Lunch: A Gold’s Gym just opened across the street from my office, which is awesome but ideally I’d need more than an hour. A run could definitely be squeezed in but taking Body Pump or RPM would be out of the question. I suppose an option would be to stay at the office 30 minutes later in order to justify a long lunch, but since I usually leave work around 5:15 or 5:30, I’m already pushing my ETA at home pretty far out. That 75-90 minute commute ruins everything…
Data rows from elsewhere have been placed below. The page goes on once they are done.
lemma pd_bracket_zero_left: "pd_bracket \<alpha> \<beta> \<rho> w (\<lambda>x. 0) (\<lambda>x. 0) (\<lambda>x. 0) F\<rho> Fu Fw = 0"
  by (simp add: pd_bracket_def)

lemma admissible_state_tendsto_0:
  assumes "admissible_state U \<rho> u w"
  shows "(w \<longlongrightarrow> 0) at_infinity"
proof (rule vec_tendstoI)
  fix k
  have "field (\<lambda>x. w x $ k)"
    using assms unfolding admissible_state_def by blast
  then have "decays ((deriv ^^ 0) (\<lambda>x. w x $ k))"
    unfolding field_def by blast
  then show "((\<lambda>x. w x $ k) \<longlongrightarrow> 0 $ k) at_infinity"
    by (simp add: decays_def)
qed

lemma has_real_derivative_compose_line:
  fixes \<phi> :: "'a::real_normed_vector \<Rightarrow> real"
  assumes "(\<phi> has_derivative \<phi>') (at v)"
  shows "((\<lambda>e. \<phi> (v + e *\<^sub>R c)) has_real_derivative \<phi>' c) (at 0)"
proof -
  have "((\<lambda>e. v + e *\<^sub>R c) has_vector_derivative c) (at 0)"
    by (auto intro!: derivative_eq_intros)
  moreover have "(\<phi> has_derivative \<phi>') (at ((\<lambda>e. v + e *\<^sub>R c) 0) within range (\<lambda>e. v + e *\<^sub>R c))"
    using has_derivative_at_withinI[OF assms] by simp
  ultimately have "(\<phi> \<circ> (\<lambda>e. v + e *\<^sub>R c) has_vector_derivative \<phi>' c) (at 0)"
    by (rule vector_derivative_diff_chain_within)
  then show ?thesis
    by (simp add: o_def has_real_derivative_iff_has_vector_derivative)
qed

lemma has_fderivs_density_functional:
  fixes \<phi> :: "real^'n \<Rightarrow> real" and d\<phi> :: "real^'n \<Rightarrow> real^'n"
  assumes "open U"
    and \<phi>: "\<And>v. v \<in> U \<Longrightarrow> (\<phi> has_derivative (\<lambda>h. d\<phi> v \<bullet> h)) (at v)"
    and cd\<phi>: "continuous_on U d\<phi>"
    and adm: "admissible_state U \<rho> u w"
    and hC: "has_fderivs (\<lambda>\<rho> u w. integral UNIV (\<lambda>x. a * u x + \<rho> x * \<phi> (w x))) \<rho> u w C\<rho> Cu Cw"
  defines "Lint \<equiv> (\<lambda>x. a * u x + \<rho> x * \<phi> (w x)) integrable_on UNIV"
  shows "C\<rho> = (if Lint then (\<lambda>x. \<phi> (w x)) else (\<lambda>x. 0))"
    and "Cu = (if Lint then (\<lambda>x. a) else (\<lambda>x. 0))"
    and "Cw = (if Lint then (\<lambda>x. \<rho> x *\<^sub>R d\<phi> (w x)) else (\<lambda>x. 0))"
proof -
  have c\<phi>: "continuous_on U \<phi>"
    using \<phi> by (intro has_derivative_continuous_on) (auto intro: has_derivative_at_withinI)
  have on_U: "continuous_on (UNIV \<times> UNIV \<times> U) (\<lambda>p. f (snd (snd p)))" if "continuous_on U f"
    for f :: "real^'n \<Rightarrow> 'b::topological_space"
    by (rule continuous_on_compose2[OF that continuous_on_snd[OF continuous_on_snd[OF continuous_on_id]]])
      auto
  have dL: "((\<lambda>e. a * (s + e * b) + (r + e * a') * \<phi> (v + e *\<^sub>R c)) has_real_derivative
      \<phi> v * a' + a * b + (r *\<^sub>R d\<phi> v) \<bullet> c) (at 0)" if "v \<in> U" for r s v a' b c
    using has_real_derivative_compose_line[OF \<phi>[OF that], of c]
    by (auto intro!: derivative_eq_intros simp: algebra_simps)
  have "continuous_on (UNIV \<times> UNIV \<times> U) (\<lambda>(r, s, v). a * s + r * \<phi> v)"
    "continuous_on (UNIV \<times> UNIV \<times> U) (\<lambda>(r, s, v). \<phi> v)"
    "continuous_on (UNIV \<times> UNIV \<times> U) (\<lambda>(r, s, v). a)"
    "continuous_on (UNIV \<times> UNIV \<times> U) (\<lambda>(r, s, v). r *\<^sub>R d\<phi> v)"
    unfolding case_prod_beta by (intro continuous_intros on_U c\<phi> cd\<phi>)+
  from has_fderivs_local_functional[OF \<open>open U\<close> dL this adm hC]
  show "C\<rho> = (if Lint then (\<lambda>x. \<phi> (w x)) else (\<lambda>x. 0))"
    and "Cu = (if Lint then (\<lambda>x. a) else (\<lambda>x. 0))"
    and "Cw = (if Lint then (\<lambda>x. \<rho> x *\<^sub>R d\<phi> (w x)) else (\<lambda>x. 0))"
    unfolding Lint_def by simp_all
qed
Evening: All of the classes I’m interested in across the street don’t start until 6pm, so there’d be some time to kill after work. With classes running from 6-7 and at least an hour drive home, that puts me walking through the front door around 8pm. Brad is in bed by 8:30 at the latest and passed out cold by 9, so the amount of time we’d see each other during the week would be pretty scarce. I guess there’s always the option to go to the gym after he goes to bed, but let’s be honest: it probably won’t happen. The chance of me leaving the house again after getting home from work is slim.

I can fit running in pretty much anywhere, but structured classes are harder to schedule. Let’s recap: Sox the Pillow Eater cramps my style in the morning, midday classes are too long to fit into my lunch break, and evening gym sessions cut into time spent [which is already pretty short] with my other half. On Wednesdays I work from home, so taking a class that morning is definitely doable. The thought of waking up early on a day I usually look forward to sleeping in isn’t exactly appealing but sacrifices must be made. Here is the [tentative] plan:

Mon: RPM // Tues: run // Wed: BodyPump // Thurs: run // Fri: rest // Sat: run // Sun: rest/yoga

Monday I’ll try to get into work a little early and stay a little later to account for the lunchtime RPM class. On Tuesday and Thursday I have the option of running before work or at lunch. Wednesday morning I’ll reluctantly drag myself out of bed at the crack of down to get my ass kicked at BodyPump. And the remaining days are a non-issue.

Since this plan is just tentative, I’m looking for some tips & tricks to squeeze workouts into a busy schedule. Are you a morning, noon, or night runner/gym-goer?